Baca juga : BRI Dinobatkan Jadi Bank Paling Bernilai Di Indonesia

Antara lain Pelabuhan Merak, Pelabuhan Cigading Habeam Centre, Kawasan Industri Krakatau Steel, PLTU Suralaya, PLTU Krakatau Daya Listrik, Krakatau Tirta Industri Water Treatment Plant, (Rencana Lot) Pembangunan Jembatan Selat Sunda, dan (Rencana Lot) Kawasan Industri Berikat Selat Sunda.

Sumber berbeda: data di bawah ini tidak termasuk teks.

(* Let $G$ be a finite simple graph with at least one edge, and suppose $\chi(G) \in \{\Delta(G), \Delta(G)+1\}$, where $\chi(G)$ is the chromatic number and $\Delta(G)$ the maximum degree of $G$. Then ${\rm vs}_{\chi}(G) = {\rm ivs}_{\chi}(G)$.
   Context: All graphs are finite, simple and have at least one edge. The chromatic vertex stability number ${\rm vs}_{\chi}(G)$ is the minimum number of vertices of $G$ whose deletion results in a graph $H$ with $\chi(H) = \chi(G)-1$. The independent chromatic vertex stability number ${\rm ivs}_{\chi}(G)$ is the minimum cardinality of an independent set of vertices of $G$ whose deletion results in a graph $H$ with $\chi(H) = \chi(G)-1$. *)

theory Defs
  imports Main
begin

definition simple_graph :: "'a set \<Rightarrow> 'a set set \<Rightarrow> bool" where
  "simple_graph V E \<longleftrightarrow> finite V \<and> (\<forall>e\<in>E. \<exists>u v. u \<in> V \<and> v \<in> V \<and> u \<noteq> v \<and> e = {u, v})"

definition degree :: "'a set set \<Rightarrow> 'a \<Rightarrow> nat" where
  "degree E v = card {e \<in> E. v \<in> e}"

definition max_degree :: "'a set \<Rightarrow> 'a set set \<Rightarrow> nat" where
  "max_degree V E = Max (degree E ` V)"

definition proper_colouring :: "'a set \<Rightarrow> 'a set set \<Rightarrow> nat \<Rightarrow> ('a \<Rightarrow> nat) \<Rightarrow> bool" where
  "proper_colouring V E k f \<longleftrightarrow> (\<forall>v\<in>V. f v < k) \<and> (\<forall>u v. {u, v} \<in> E \<longrightarrow> u \<noteq> v \<longrightarrow> f u \<noteq> f v)"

Apabila terjadi gempabumi kuat yang diikuti tsunami, lanjut Dwikorita, maka Kawasan Industri Cilegon ini menyimpan potensi bahaya berupa bencana kegagalan teknologi yang dapat menimbulkan kerugian berupa kerusakan infrastruktur, lingkungan, maupun cidera, penyakit bahkan kematian pada manusia.

"Artinya, ada multi ancaman yang membahayakan masyarakat Kota Cilegon dan sekitarnya saat terjadi gempabumi kuat yang diikuti tsunami," tuturnya.

Dwikorita menerangkan, sekurang-kurangnya terdapat 4 sumber potensi gempa bumi dan tsunami di area tersebut yaitu Zona Megathrust berstatus rawan gempa bumi dan tsunami; Zona Sesar Mentawai, Semangko, dan Ujung Kulon berstatus rawan gempa bumi dan tsunami; Zona Graben Selat Sunda berstatus rawan longsor dasar laut, dan Gunung Anak Krakatau yang mana jika terjadi erupsi juga dapat memicu tsunami.

Baca juga : Ketua Beringin Polman Diusung Jadi Calon Bupati

Berdasarkan pemodelan yang dilakukan BMKG, lanjut Dwikorita, jika gempa terjadi di Zona Megathrust Selat Sunda, maka terdapat potensi kekuatan gempa hingga mencapai magnitudo 8,7.

Diperkirakan, kawasan Cilegon akan terdampak dengan tingkat intensitas guncangan VI-VII MMI, yang dapat menimbulkan kerusakan ringan, sedang hingga berat

Sementara dengan kekuatan maksimum 8.7 tersebut, maka potensi genangan tertinggi diperkirakan mencapai 8,28 m yaitu di sekitar kawasan Pelabuhan Merak (Kota Cilegon).

Hal ini dikarenakan posisi pelabuhan yang berada pada Teluk yang menghadap celah sempit (selat) berseberangan dengan Pulau Merak Besar, yang memungkinkan terjadinya amplifikasi/ penguatan gelombang tsunami di lokasi tersebut.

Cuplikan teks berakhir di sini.